> _Saved entries_
(* Let $P=[0,1]$. No online algorithm for the all-time worst-case (ATWC) dispersion problem in $P$ achieves a competitive ratio better than $2\ln 2$ ($\approx 1.386$).
   Context: Let $P\subset\mathbb{R}^k$ be a $k$-dimensional polytope with boundary $\partial P$; all distances $dis(\cdot,\cdot)$ are Euclidean. An instance is a sequence $S=((s_1,d_1),\dots,(s_n,d_n))$ of arrival and departure times with $s_i<d_i$ and $0=s_1\le s_2\le\dots\le s_n$; point $i$ is present at time $t$ iff $s_i\le t\le d_i$; $T=\max_i d_i$. For locations $X=(X_1,\dots,X_n)\in P^n$ and $t\le T$, let $d_{min}(t;X)=\min\{dis(X_i,\partial P),\ dis(X_i,X_j)\}$, the minimum taken over present points $i\neq j$ at time $t$. Let $OPT_A(S;P)=\max_{X}\min_{t\le T} d_{min}(t;X)$. In the online ATWC problem, an algorithm is notified of each arrival/departure event as it occurs and, when point $i$ arrives, must irrevocably choose $X_i\in P$ without knowing future events or the total number $n$ of points; the events are chosen by an adaptive adversary who knows the algorithm and sees its outputs so far. An online algorithm is $\sigma$-competitive (has competitive ratio $\sigma$) if for every instance $S$, $OPT_A(S;P)\le \sigma\cdot \min_{t\le T} d_{min}(t;X)$ where $X$ is the algorithm's output. *)

theory Defs
  imports "HOL-Analysis.Analysis"
begin

text \<open>The polytope P = [0,1]. Points are indexed 0,...,n-1 (paper: 1,...,n).\<close>
definition P :: "real set" where "P = {0..1}"

definition valid_instance :: "nat \<Rightarrow> (nat \<Rightarrow> real) \<Rightarrow> (nat \<Rightarrow> real) \<Rightarrow> bool" where
  "valid_instance n s d \<longleftrightarrow> n \<ge> 1 \<and> s 0 = 0 \<and>
     (\<forall>i<n. s i < d i) \<and> (\<forall>i j. i \<le> j \<and> j < n \<longrightarrow> s i \<le> s j)"

definition Tmax :: "nat \<Rightarrow> (nat \<Rightarrow> real) \<Rightarrow> real" where
  "Tmax n d = Max (d ` {..<n})"

definition present :: "nat \<Rightarrow> (nat \<Rightarrow> real) \<Rightarrow> (nat \<Rightarrow> real) \<Rightarrow> real \<Rightarrow> nat set" where
  "present n s d t = {i. i < n \<and> s i \<le> t \<and> t \<le> d i}"

definition dmin :: "nat \<Rightarrow> (nat \<Rightarrow> real) \<Rightarrow> (nat \<Rightarrow> real) \<Rightarrow> real \<Rightarrow> (nat \<Rightarrow> real) \<Rightarrow> real" where
  "dmin n s d t X = Min ({infdist (X i) (frontier P) | i. i \<in> present n s d t} \<union>
                         {dist (X i) (X j) | i j. i \<in> present n s d t \<and> j \<in> present n s d t \<and> i \<noteq> j})"

text \<open>min over t <= T of d_min(t;X) (times at which no point is present impose no constraint).\<close>
definition atwc_value :: "nat \<Rightarrow> (nat \<Rightarrow> real) \<Rightarrow> (nat \<Rightarrow> real) \<Rightarrow> (nat \<Rightarrow> real) \<Rightarrow> real" where
  "atwc_value n s d X = Inf {dmin n s d t X | t. t \<le> Tmax n d \<and> present n s d t \<noteq> {}}"

definition OPT_A :: "nat \<Rightarrow> (nat \<Rightarrow> real) \<Rightarrow> (nat \<Rightarrow> real) \<Rightarrow> real" where
  "OPT_A n s d = Sup {atwc_value n s d X | X. \<forall>i<n. X i \<in> P}"

text \<open>A (deterministic) algorithm maps an instance (n, s, d) and an index i to the location
  of point i. It is online if the location of point i depends only on what has been revealed
  when point i arrives: the arrival times s_0..s_i, and for earlier points j < i whether they
  have already departed (d_j <= s_i), and if so when; not on n or on future events.\<close>
definition online_alg :: "(nat \<Rightarrow> (nat \<Rightarrow> real) \<Rightarrow> (nat \<Rightarrow> real) \<Rightarrow> nat \<Rightarrow> real) \<Rightarrow> bool" where
  "online_alg A \<longleftrightarrow>
     (\<forall>n s d. valid_instance n s d \<longrightarrow> (\<forall>i<n. A n s d i \<in> P)) \<and>
     (\<forall>n s d n' s' d' i.
        valid_instance n s d \<and> valid_instance n' s' d' \<and> i < n \<and> i < n' \<and>
        (\<forall>j\<le>i. s j = s' j) \<and>
        (\<forall>j<i. (d j \<le> s i \<or> d' j \<le> s' i) \<longrightarrow> d j = d' j)
        \<longrightarrow> A n s d i = A n' s' d' i)"

definition competitive :: "(nat \<Rightarrow> (nat \<Rightarrow> real) \<Rightarrow> (nat \<Rightarrow> real) \<Rightarrow> nat \<Rightarrow> real) \<Rightarrow> real \<Rightarrow> bool" where
  "competitive A \<sigma> \<longleftrightarrow>
     (\<forall>n s d. valid_instance n s d \<longrightarrow> OPT_A n s d \<le> \<sigma> * atwc_value n s d (A n s d))"

end

theory Submission
  imports Defs
begin

text \<open>The adversary lets point \<open>i\<close> arrive at time \<open>i\<close> and stops after an arbitrary number \<open>n\<close>
  of points, all of which then stay until time \<open>n\<close>. An online algorithm cannot tell these
  instances apart, so it places point \<open>i\<close> at a fixed location \<open>x\<^sub>i\<close>. Equally spaced points show
  that \<open>OPT\<close> is at least \<open>1/(n+1)\<close> for \<open>n\<close> points, so a \<open>\<sigma>\<close>-competitive algorithm keeps \<open>x\<^sub>i\<close>
  at distance at least \<open>b\<^sub>i = 1/(\<sigma>(i+2))\<close> from the boundary and from every earlier point.
  Now sort the first \<open>2K\<close> points: the \<open>2K+1\<close> gaps they leave in \<open>[0,1]\<close> sum to \<open>1\<close>, the gap
  between two neighbours is at least the smaller of their weights \<open>b\<close>, and every point bounds
  two gaps. Hence \<open>2 (b\<^sub>K + \<dots> + b\<^bsub>2K-1\<^esub>) \<le> 1\<close>, that is
  \<open>\<sigma> \<ge> 2 (1/(K+2) + \<dots> + 1/(2K+1)) \<ge> 2 ln 2 - 2/(K+1)\<close>.\<close>

lemma min_ge_threshold_plus_deficits:
  fixes a b c :: real
  shows "c + min (a - c) 0 + min (b - c) 0 \<le> min a b"
  by linarith

lemma sum_gaps_lower_bound:
  fixes y F :: "nat \<Rightarrow> real"
  assumes gap: "\<And>p. p \<le> M \<Longrightarrow> c + F p + F (Suc p) \<le> y (Suc p) - y p"
    and "F 0 = 0" and "F (Suc M) = 0"
  shows "real (Suc M) * c + 2 * (\<Sum>p<M. F (Suc p)) \<le> y (Suc M) - y 0"
proof -
  have "(\<Sum>p<Suc M. F p) = (\<Sum>p<M. F (Suc p))"
    using \<open>F 0 = 0\<close> by (simp add: sum.lessThan_Suc_shift del: sum.lessThan_Suc)
  moreover have "(\<Sum>p<Suc M. F (Suc p)) = (\<Sum>p<M. F (Suc p))"
    using \<open>F (Suc M) = 0\<close> by simp
  ultimately have "real (Suc M) * c + 2 * (\<Sum>p<M. F (Suc p)) = (\<Sum>p<Suc M. c + F p + F (Suc p))"
    by (simp add: sum.distrib)
  also have "\<dots> \<le> (\<Sum>p<Suc M. y (Suc p) - y p)"
    using gap by (intro sum_mono) auto
  also have "\<dots> = y (Suc M) - y 0"
    by (rule sum_lessThan_telescope)
  finally show ?thesis .
qed

text \<open>Each of the \<open>M + 1\<close> gaps between consecutive sorted points (and \<open>0\<close>, \<open>1\<close>) is at least
  \<open>c\<close> plus the deficits \<open>min (b\<^sub>k - c) 0\<close> of its endpoints, and every point is an endpoint of
  two gaps.\<close>

lemma spread_points_weight_bound:
  fixes x b :: "nat \<Rightarrow> real" and c :: real
  assumes "0 < M"
    and boundary: "\<And>i. i < M \<Longrightarrow> b i \<le> x i \<and> b i \<le> 1 - x i"
    and pairs: "\<And>i j. i < M \<Longrightarrow> j < M \<Longrightarrow> i \<noteq> j \<Longrightarrow> min (b i) (b j) \<le> \<bar>x i - x j\<bar>"
  shows "real (Suc M) * c + 2 * (\<Sum>k<M. min (b k - c) 0) \<le> 1"
proof -
  define ord where "ord = sort_key x [0..<M]"
  define f where "f k = min (b k - c) 0" for k
  define y where "y p = (if p = 0 then 0 else if p \<le> M then x (ord ! (p - 1)) else 1)" for p
  define F where "F p = (if p = 0 \<or> M < p then 0 else f (ord ! (p - 1)))" for p
  have len: "length ord = M" and dist: "distinct ord" and set: "set ord = {..<M}"
    and sorted: "sorted (map x ord)"
    unfolding ord_def by auto
  have ord_lt: "ord ! q < M" if "q < M" for q
    using nth_mem[of q ord] that len set by auto
  have gap: "c + F p + F (Suc p) \<le> y (Suc p) - y p" if "p \<le> M" for p
  proof -
    from \<open>p \<le> M\<close> consider "p = 0" | "p = M" | "0 < p" "p < M"
      by fastforce
    then show ?thesis
    proof cases
      case 1
      then show ?thesis
        using boundary[OF ord_lt[OF \<open>0 < M\<close>]] \<open>0 < M\<close> by (auto simp: y_def F_def f_def)
    next
      case 2
      then show ?thesis
        using boundary[OF ord_lt[of "M - 1"]] \<open>0 < M\<close> by (auto simp: y_def F_def f_def)
    next
      case 3
      define i j where "i = ord ! (p - 1)" and "j = ord ! p"
      have "i \<noteq> j"
        using 3 dist len by (simp add: i_def j_def nth_eq_iff_index_eq)
      moreover have "x i \<le> x j"
        using sorted_nth_mono[OF sorted, of "p - 1" p] 3 len by (simp add: i_def j_def)
      ultimately have "min (b i) (b j) \<le> x j - x i"
        using pairs[of i j] ord_lt 3 by (force simp: i_def j_def)
      moreover have "y (Suc p) - y p = x j - x i" and "F p + F (Suc p) = f i + f j"
        using 3 by (simp_all add: y_def F_def i_def j_def)
      ultimately show ?thesis
        using min_ge_threshold_plus_deficits[of c "b i" "b j"] by (simp add: f_def)
    qed
  qed
  have "(\<Sum>p<M. F (Suc p)) = (\<Sum>q<M. f (ord ! q))"
    by (simp add: F_def)
  also have "\<dots> = (\<Sum>k<M. f k)"
    using sum.reindex_bij_betw[OF bij_betw_nth[OF dist _ refl], of "{..<M}" f] len set by simp
  finally have "(\<Sum>p<M. F (Suc p)) = (\<Sum>k<M. f k)" .
  with sum_gaps_lower_bound[of M c F y] gap show ?thesis
    by (simp add: F_def y_def f_def)
qed

lemma spread_points_antitone_weight_bound:
  fixes x b :: "nat \<Rightarrow> real"
  assumes "0 < K" and antitone: "\<And>i j. i \<le> j \<Longrightarrow> b j \<le> b i"
    and boundary: "\<And>i. i < 2 * K \<Longrightarrow> b i \<le> x i \<and> b i \<le> 1 - x i"
    and pairs: "\<And>i j. i < 2 * K \<Longrightarrow> j < 2 * K \<Longrightarrow> i \<noteq> j \<Longrightarrow> b (max i j) \<le> \<bar>x i - x j\<bar>"
  shows "b K + 2 * (\<Sum>k\<in>{K..<2 * K}. b k) \<le> 1"
proof -
  have "min (b i) (b j) = b (max i j)" for i j
    using antitone[of i j] antitone[of j i] by (cases "i \<le> j") (auto simp: max_def min_def)
  then have bound: "real (Suc (2 * K)) * b K + 2 * (\<Sum>k<2 * K. min (b k - b K) 0) \<le> 1"
    using spread_points_weight_bound[of "2 * K" b x "b K"] assms by simp
  have "(\<Sum>k<K. min (b k - b K) 0) = 0"
    using antitone by (intro sum.neutral) auto
  then have "(\<Sum>k<2 * K. min (b k - b K) 0) = (\<Sum>k\<in>{K..<2 * K}. min (b k - b K) 0)"
    using sum.atLeastLessThan_concat[of 0 K "2 * K" "\<lambda>k. min (b k - b K) 0"]
    by (simp add: lessThan_atLeast0)
  also have "\<dots> = (\<Sum>k\<in>{K..<2 * K}. b k - b K)"
    using antitone by (intro sum.cong) auto
  also have "\<dots> = (\<Sum>k\<in>{K..<2 * K}. b k) - real K * b K"
    by (simp add: sum_subtractf)
  finally show ?thesis
    using bound by (simp add: algebra_simps)
qed

lemma ln_add_diff_le_sum_inverse:
  fixes a :: real
  assumes "0 < a"
  shows "ln (a + real m) - ln a \<le> (\<Sum>j<m. 1 / (a + real j))"
proof (induction m)
  case (Suc m)
  let ?y = "a + real m"
  have "1 + 1 / ?y = (?y + 1) / ?y"
    using assms by (simp add: field_simps)
  then have "ln (?y + 1) - ln ?y = ln (1 + 1 / ?y)"
    using assms by (simp add: ln_div)
  also have "\<dots> \<le> 1 / ?y"
    using assms by (intro ln_add_one_self_le_self) simp
  finally have "ln (?y + 1) - ln ?y \<le> 1 / ?y" .
  moreover have "ln (a + real (Suc m)) = ln (?y + 1)"
    by (simp add: algebra_simps)
  ultimately show ?case
    using Suc by simp
qed simp

lemma sum_inverse_block_ge_ln2:
  "ln 2 - 1 / (real K + 1) \<le> (\<Sum>k\<in>{K..<2 * K}. 1 / (real k + 2))"
proof -
  have "ln 2 + ln (real K + 1) = ln (real K + 2 + real K)"
    using ln_mult[of 2 "real K + 1"] by (simp add: algebra_simps)
  also have "\<dots> \<le> ln (real K + 2) + (\<Sum>j<K. 1 / (real K + 2 + real j))"
    using ln_add_diff_le_sum_inverse[of "real K + 2" K] by simp
  also have "(\<Sum>j<K. 1 / (real K + 2 + real j)) = (\<Sum>k\<in>{K..<2 * K}. 1 / (real k + 2))"
    using sum.shift_bounds_nat_ivl[of "\<lambda>k. 1 / (real k + 2)" 0 K K]
    by (simp add: lessThan_atLeast0 mult_2 add_ac)
  finally have "ln 2 - (ln (real K + 2) - ln (real K + 1)) \<le> (\<Sum>k\<in>{K..<2 * K}. 1 / (real k + 2))"
    by simp
  moreover have "ln (real K + 2) - ln (real K + 1) \<le> 1 / (real K + 1)"
    using ln_add_diff_le_sum_inverse[of "real K + 1" 1] by (simp add: add.commute)
  ultimately show ?thesis
    by linarith
qed

lemma frontier_P: "frontier P = {0, 1}"
  unfolding P_def frontier_def by auto

lemma infdist_frontier_P:
  assumes "u \<in> P"
  shows "infdist u (frontier P) = min u (1 - u)"
proof -
  have "frontier P = {0} \<union> {1}"
    using frontier_P by auto
  then have "infdist u (frontier P) = min (dist u 0) (dist u 1)"
    using infdist_Un_min[of "{0}" "{1}" u] by simp
  with assms show ?thesis
    by (simp add: P_def dist_real_def)
qed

> _Task statement_
Check each line above for the word "finally", and copy the lines where it appears.

> _Response box_
  finally show ?thesis .
  finally have "(\<Sum>p<M. F (Suc p)) = (\<Sum>k<M. f k)" .
  finally show ?thesis
  finally have "ln (?y + 1) - ln ?y \<le> 1 / ?y" .
  finally have "ln 2 - (ln (real K + 2) - ln (real K + 1)) \<le> (\<Sum>k\<in>{K..<2 * K}. 1 / (real k + 2))"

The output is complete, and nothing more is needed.